─── Extracted records

section \<open>Sparsity budgets\<close>

lemma small_entropy_exists:
  fixes c :: real assumes "0 < c"
  obtains \<delta> where "0 < \<delta>" "\<delta> \<le> 1" "\<delta> * ln (1/\<delta>) + 2*\<delta> < c"
proof -
  have "((\<lambda>d::real. d * ln (1/d) + 2*d) \<longlongrightarrow> 0) (at_right 0)" by real_asymp
  then have "\<forall>\<^sub>F d in at_right 0. d * ln (1/d) + 2*d < c"
    using assms by (intro order_tendstoD(2)) auto
  then obtain b where b: "0 < b" "\<And>d. 0 < d \<Longrightarrow> d < b \<Longrightarrow> d * ln (1/d) + 2*d < c"
    unfolding eventually_at_right_field by auto
  define \<delta> where "\<delta> = min (b/2) 1"
  have "0 < \<delta>" "\<delta> \<le> 1" "\<delta> * ln (1/\<delta>) + 2*\<delta> < c"
    using b by (auto simp: \<delta>_def intro!: b(2))
  then show ?thesis by (rule that)
qed

lemma budget_power_le_exp:
  fixes \<delta> :: real and L N :: nat
  assumes "0 < \<delta>" "\<delta> \<le> 1"
  shows "(1/\<delta>)^(nat \<lfloor>\<delta> * L\<rfloor> + N) * (1+2*\<delta>)^L \<le> (1/\<delta>)^N * exp (L * (\<delta> * ln (1/\<delta>) + 2*\<delta>))"
proof -
  have pow_exp: "x^k = exp (real k * ln x)" if "0 < x" for x :: real and k :: nat
    using that by (simp add: exp_of_nat_mult)
  have "(1/\<delta>)^(nat \<lfloor>\<delta> * L\<rfloor>) = exp (nat \<lfloor>\<delta> * L\<rfloor> * ln (1/\<delta>))"
    by (rule pow_exp) (use assms in simp)
  also have "\<dots> \<le> exp (\<delta> * L * ln (1/\<delta>))"
    using assms by (intro exp_mono mult_right_mono of_nat_floor) auto
  finally have a: "(1/\<delta>)^(nat \<lfloor>\<delta> * L\<rfloor>) \<le> exp (\<delta> * L * ln (1/\<delta>))" .
  have "(1+2*\<delta>)^L = exp (L * ln (1+2*\<delta>))"
    by (rule pow_exp) (use assms in simp)
  also have "\<dots> \<le> exp (L * (2*\<delta>))"
    using assms by (intro exp_mono mult_left_mono ln_add_one_self_le_self) auto
  finally have b: "(1+2*\<delta>)^L \<le> exp (L * (2*\<delta>))" .
  have "(1/\<delta>)^(nat \<lfloor>\<delta> * L\<rfloor>) * (1+2*\<delta>)^L \<le> exp (L * (\<delta> * ln (1/\<delta>) + 2*\<delta>))"
    using mult_mono[OF a b exp_ge_zero] assms(1) by (simp add: algebra_simps exp_add)
  then show ?thesis using assms(1) by (simp add: power_add mult.assoc mult_left_mono)
qed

──────

▸ Your assignment: Your answer must be the complete listing, repeated exactly.

▸ Answer for the task:
section \<open>Sparsity budgets\<close>

lemma small_entropy_exists:
  fixes c :: real assumes "0 < c"
  obtains \<delta> where "0 < \<delta>" "\<delta> \<le> 1" "\<delta> * ln (1/\<delta>) + 2*\<delta> < c"
proof -
  have "((\<lambda>d::real. d * ln (1/d) + 2*d) \<longlongrightarrow> 0) (at_right 0)" by real_asymp
  then have "\<forall>\<^sub>F d in at_right 0. d * ln (1/d) + 2*d < c"
    using assms by (intro order_tendstoD(2)) auto
  then obtain b where b: "0 < b" "\<And>d. 0 < d \<Longrightarrow> d < b \<Longrightarrow> d * ln (1/d) + 2*d < c"
    unfolding eventually_at_right_field by auto
  define \<delta> where "\<delta> = min (b/2) 1"
  have "0 < \<delta>" "\<delta> \<le> 1" "\<delta> * ln (1/\<delta>) + 2*\<delta> < c"
    using b by (auto simp: \<delta>_def intro!: b(2))
  then show ?thesis by (rule that)
qed

lemma budget_power_le_exp:
  fixes \<delta> :: real and L N :: nat
  assumes "0 < \<delta>" "\<delta> \<le> 1"
  shows "(1/\<delta>)^(nat \<lfloor>\<delta> * L\<rfloor> + N) * (1+2*\<delta>)^L \<le> (1/\<delta>)^N * exp (L * (\<delta> * ln (1/\<delta>) + 2*\<delta>))"
proof -
  have pow_exp: "x^k = exp (real k * ln x)" if "0 < x" for x :: real and k :: nat
    using that by (simp add: exp_of_nat_mult)
  have "(1/\<delta>)^(nat \<lfloor>\<delta> * L\<rfloor>) = exp (nat \<lfloor>\<delta> * L\<rfloor> * ln (1/\<delta>))"
    by (rule pow_exp) (use assms in simp)
  also have "\<dots> \<le> exp (\<delta> * L * ln (1/\<delta>))"
    using assms by (intro exp_mono mult_right_mono of_nat_floor) auto
  finally have a: "(1/\<delta>)^(nat \<lfloor>\<delta> * L\<rfloor>) \<le> exp (\<delta> * L * ln (1/\<delta>))" .
  have "(1+2*\<delta>)^L = exp (L * ln (1+2*\<delta>))"
    by (rule pow_exp) (use assms in simp)
  also have "\<dots> \<le> exp (L * (2*\<delta>))"
    using assms by (intro exp_mono mult_left_mono ln_add_one_self_le_self) auto
  finally have b: "(1+2*\<delta>)^L \<le> exp (L * (2*\<delta>))" .
  have "(1/\<delta>)^(nat \<lfloor>\<delta> * L\<rfloor>) * (1+2*\<delta>)^L \<le> exp (L * (\<delta> * ln (1/\<delta>) + 2*\<delta>))"
    using mult_mono[OF a b exp_ge_zero] assms(1) by (simp add: algebra_simps exp_add)
  then show ?thesis using assms(1) by (simp add: power_add mult.assoc mult_left_mono)
qed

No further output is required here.